==== SUPPLIED DATA

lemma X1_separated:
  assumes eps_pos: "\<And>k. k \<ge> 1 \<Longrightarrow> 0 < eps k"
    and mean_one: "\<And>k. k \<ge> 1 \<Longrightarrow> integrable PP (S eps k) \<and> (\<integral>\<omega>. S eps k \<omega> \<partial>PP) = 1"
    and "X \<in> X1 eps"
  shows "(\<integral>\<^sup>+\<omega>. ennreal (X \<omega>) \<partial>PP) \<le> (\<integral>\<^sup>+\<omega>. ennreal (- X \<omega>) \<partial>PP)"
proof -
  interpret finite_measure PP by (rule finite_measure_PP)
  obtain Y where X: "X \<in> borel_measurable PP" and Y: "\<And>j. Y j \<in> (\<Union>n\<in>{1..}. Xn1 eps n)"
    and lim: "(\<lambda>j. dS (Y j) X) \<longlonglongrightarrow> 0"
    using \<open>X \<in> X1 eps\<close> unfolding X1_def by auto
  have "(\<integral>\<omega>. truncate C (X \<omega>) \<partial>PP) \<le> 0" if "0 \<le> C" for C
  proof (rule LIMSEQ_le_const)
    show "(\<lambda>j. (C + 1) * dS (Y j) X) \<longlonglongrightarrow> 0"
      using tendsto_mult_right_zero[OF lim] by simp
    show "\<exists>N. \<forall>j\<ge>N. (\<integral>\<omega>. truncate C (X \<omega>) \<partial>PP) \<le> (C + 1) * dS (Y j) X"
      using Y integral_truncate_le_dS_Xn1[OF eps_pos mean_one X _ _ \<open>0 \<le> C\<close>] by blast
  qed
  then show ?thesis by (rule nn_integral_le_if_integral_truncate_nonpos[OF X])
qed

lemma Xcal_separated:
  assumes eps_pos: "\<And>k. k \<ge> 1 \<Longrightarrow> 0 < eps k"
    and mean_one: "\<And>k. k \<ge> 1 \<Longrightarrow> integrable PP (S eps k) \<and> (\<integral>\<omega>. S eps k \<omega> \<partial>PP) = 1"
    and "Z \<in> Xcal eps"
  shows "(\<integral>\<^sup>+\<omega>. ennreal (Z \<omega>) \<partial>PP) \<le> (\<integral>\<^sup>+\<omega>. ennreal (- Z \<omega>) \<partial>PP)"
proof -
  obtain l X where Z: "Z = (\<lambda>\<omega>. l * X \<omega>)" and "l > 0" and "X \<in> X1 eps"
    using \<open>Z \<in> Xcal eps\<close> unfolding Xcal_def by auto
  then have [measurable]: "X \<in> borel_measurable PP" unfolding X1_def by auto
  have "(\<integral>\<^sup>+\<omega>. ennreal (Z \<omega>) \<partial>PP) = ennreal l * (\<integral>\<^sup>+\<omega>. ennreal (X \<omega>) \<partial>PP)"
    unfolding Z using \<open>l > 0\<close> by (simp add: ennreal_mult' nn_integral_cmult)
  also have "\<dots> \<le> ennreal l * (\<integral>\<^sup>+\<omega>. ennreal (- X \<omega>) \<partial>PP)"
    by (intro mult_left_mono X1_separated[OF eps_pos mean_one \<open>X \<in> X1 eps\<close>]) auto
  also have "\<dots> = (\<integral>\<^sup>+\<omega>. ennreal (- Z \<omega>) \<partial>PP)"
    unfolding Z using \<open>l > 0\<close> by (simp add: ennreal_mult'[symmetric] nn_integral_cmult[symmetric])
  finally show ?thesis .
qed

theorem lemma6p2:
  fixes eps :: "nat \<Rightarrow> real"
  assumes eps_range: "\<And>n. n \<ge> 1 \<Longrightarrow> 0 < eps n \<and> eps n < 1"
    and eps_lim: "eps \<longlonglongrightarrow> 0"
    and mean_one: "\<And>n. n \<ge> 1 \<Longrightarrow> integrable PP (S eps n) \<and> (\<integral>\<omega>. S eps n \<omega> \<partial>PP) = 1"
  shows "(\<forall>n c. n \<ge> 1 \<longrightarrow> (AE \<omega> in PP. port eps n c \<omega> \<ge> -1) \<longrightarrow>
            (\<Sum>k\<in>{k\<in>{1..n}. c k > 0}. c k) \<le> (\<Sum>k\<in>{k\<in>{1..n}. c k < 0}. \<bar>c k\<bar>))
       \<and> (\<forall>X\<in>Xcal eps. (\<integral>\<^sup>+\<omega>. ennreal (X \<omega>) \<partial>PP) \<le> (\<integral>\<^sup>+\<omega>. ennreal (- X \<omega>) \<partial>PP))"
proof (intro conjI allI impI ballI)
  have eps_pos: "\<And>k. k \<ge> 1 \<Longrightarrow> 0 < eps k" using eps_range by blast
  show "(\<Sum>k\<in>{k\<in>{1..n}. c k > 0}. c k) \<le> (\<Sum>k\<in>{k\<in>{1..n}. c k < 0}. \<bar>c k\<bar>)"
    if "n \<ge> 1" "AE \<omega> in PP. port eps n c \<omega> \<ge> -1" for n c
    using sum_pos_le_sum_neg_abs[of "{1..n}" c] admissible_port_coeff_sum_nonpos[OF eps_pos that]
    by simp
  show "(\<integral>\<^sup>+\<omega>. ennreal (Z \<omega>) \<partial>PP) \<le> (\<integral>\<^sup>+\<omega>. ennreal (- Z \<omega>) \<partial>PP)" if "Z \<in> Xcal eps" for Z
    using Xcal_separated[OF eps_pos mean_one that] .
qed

========
==== SUPPLIED DATA

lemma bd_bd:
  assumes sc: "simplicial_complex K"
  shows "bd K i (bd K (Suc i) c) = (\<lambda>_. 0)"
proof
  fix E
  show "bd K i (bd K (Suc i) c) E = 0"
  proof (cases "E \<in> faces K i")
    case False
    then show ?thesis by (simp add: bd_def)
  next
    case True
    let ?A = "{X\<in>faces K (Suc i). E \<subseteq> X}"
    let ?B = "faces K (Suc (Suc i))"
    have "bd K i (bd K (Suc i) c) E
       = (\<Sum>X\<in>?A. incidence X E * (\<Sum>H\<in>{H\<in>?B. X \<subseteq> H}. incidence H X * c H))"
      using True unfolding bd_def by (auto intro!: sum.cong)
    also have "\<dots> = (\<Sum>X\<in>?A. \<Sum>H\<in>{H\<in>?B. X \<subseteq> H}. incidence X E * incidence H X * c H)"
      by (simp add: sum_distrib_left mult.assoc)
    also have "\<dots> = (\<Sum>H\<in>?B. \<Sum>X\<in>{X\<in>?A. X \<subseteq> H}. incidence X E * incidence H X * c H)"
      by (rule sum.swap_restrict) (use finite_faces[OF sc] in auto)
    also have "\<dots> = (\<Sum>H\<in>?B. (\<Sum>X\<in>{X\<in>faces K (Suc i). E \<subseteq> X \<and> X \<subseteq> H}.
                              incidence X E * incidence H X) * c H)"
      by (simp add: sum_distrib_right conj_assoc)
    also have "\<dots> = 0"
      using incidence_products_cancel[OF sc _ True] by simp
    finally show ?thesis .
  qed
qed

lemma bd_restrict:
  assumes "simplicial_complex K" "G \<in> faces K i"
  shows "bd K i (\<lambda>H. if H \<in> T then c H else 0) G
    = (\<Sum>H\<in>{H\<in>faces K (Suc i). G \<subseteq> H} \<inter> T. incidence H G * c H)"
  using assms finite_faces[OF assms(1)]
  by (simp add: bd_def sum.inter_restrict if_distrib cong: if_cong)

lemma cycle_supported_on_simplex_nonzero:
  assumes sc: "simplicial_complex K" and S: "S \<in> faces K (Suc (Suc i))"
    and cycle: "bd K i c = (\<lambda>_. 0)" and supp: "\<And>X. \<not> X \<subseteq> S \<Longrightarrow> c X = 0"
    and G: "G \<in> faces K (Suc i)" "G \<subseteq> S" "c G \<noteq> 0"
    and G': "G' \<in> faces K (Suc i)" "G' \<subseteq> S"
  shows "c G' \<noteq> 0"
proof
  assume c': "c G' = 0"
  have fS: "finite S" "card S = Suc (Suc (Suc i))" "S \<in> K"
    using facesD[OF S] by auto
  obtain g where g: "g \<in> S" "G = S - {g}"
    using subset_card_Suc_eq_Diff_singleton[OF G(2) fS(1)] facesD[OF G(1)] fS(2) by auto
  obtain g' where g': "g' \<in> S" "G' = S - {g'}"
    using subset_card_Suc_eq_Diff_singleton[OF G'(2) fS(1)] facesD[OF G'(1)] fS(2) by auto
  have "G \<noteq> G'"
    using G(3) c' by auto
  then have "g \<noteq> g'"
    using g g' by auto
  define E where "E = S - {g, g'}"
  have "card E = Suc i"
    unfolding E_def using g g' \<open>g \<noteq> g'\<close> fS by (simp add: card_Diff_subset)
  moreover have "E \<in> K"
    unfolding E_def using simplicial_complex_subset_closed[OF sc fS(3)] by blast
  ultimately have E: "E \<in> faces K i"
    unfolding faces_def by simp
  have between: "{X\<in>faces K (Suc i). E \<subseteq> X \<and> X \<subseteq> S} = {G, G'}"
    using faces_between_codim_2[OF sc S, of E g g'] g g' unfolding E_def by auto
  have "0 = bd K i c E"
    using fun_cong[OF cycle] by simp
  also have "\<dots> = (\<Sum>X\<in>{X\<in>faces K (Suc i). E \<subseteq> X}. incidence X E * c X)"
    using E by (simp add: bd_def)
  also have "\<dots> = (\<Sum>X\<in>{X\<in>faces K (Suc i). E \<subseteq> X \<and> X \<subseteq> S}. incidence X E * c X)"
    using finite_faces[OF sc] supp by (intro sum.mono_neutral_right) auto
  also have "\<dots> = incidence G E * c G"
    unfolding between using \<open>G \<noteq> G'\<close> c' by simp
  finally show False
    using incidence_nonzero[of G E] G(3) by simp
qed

========
==== SUPPLIED DATA

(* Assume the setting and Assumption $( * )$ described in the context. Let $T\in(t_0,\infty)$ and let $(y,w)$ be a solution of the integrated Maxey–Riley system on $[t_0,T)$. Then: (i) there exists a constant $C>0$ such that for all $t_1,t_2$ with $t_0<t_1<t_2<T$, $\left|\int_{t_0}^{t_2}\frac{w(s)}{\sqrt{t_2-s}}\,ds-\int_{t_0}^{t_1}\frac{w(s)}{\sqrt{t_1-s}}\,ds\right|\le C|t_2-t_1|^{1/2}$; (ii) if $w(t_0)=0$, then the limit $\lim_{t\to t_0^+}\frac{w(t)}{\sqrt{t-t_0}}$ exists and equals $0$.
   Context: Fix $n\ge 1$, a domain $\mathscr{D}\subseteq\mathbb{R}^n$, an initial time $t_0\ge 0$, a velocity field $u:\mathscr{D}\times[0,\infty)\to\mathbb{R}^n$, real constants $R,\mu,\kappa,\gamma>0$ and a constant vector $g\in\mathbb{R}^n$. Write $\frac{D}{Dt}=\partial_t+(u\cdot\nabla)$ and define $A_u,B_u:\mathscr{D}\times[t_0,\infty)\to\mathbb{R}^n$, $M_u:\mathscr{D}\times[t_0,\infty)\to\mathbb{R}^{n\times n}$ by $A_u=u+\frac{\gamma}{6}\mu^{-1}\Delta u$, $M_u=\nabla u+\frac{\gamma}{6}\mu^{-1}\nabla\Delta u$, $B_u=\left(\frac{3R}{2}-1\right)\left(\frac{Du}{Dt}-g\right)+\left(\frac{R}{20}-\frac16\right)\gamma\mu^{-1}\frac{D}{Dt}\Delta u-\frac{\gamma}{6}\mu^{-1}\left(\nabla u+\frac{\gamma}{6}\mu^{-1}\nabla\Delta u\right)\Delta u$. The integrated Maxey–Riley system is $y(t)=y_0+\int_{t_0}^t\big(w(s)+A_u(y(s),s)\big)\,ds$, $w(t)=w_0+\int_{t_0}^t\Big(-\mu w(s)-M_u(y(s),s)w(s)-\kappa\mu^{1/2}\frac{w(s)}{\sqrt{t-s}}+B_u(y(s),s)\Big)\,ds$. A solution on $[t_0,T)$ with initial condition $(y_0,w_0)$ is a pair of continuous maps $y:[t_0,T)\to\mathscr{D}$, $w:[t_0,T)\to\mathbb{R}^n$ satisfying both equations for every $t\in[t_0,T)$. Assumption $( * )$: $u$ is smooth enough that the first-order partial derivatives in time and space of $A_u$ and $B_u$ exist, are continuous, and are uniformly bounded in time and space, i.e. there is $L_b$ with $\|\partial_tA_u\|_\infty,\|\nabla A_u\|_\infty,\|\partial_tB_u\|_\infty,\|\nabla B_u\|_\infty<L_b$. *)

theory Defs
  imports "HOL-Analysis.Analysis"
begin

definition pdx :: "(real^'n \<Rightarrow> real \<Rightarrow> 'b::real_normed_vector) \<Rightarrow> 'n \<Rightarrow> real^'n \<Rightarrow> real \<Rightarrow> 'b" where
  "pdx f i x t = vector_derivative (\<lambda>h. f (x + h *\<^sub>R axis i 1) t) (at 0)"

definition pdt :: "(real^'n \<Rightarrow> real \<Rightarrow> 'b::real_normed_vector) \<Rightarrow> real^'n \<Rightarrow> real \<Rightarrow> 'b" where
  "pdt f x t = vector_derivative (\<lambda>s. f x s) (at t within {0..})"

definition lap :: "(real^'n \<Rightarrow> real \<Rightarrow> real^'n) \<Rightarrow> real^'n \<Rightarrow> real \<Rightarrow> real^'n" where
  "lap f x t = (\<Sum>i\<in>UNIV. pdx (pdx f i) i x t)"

========

Your task is to transcribe, with no changes, only the lines of the listing above that lie between the line holding "proof (rule LIMSEQ_le_const)" and the line holding "using Y integral_truncate_le_dS_Xn1[OF", inclusive.

  proof (rule LIMSEQ_le_const)
    show "(\<lambda>j. (C + 1) * dS (Y j) X) \<longlonglongrightarrow> 0"
      using tendsto_mult_right_zero[OF lim] by simp
    show "\<exists>N. \<forall>j\<ge>N. (\<integral>\<omega>. truncate C (X \<omega>) \<partial>PP) \<le> (C + 1) * dS (Y j) X"
      using Y integral_truncate_le_dS_Xn1[OF eps_pos mean_one X _ _ \<open>0 \<le> C\<close>] by blast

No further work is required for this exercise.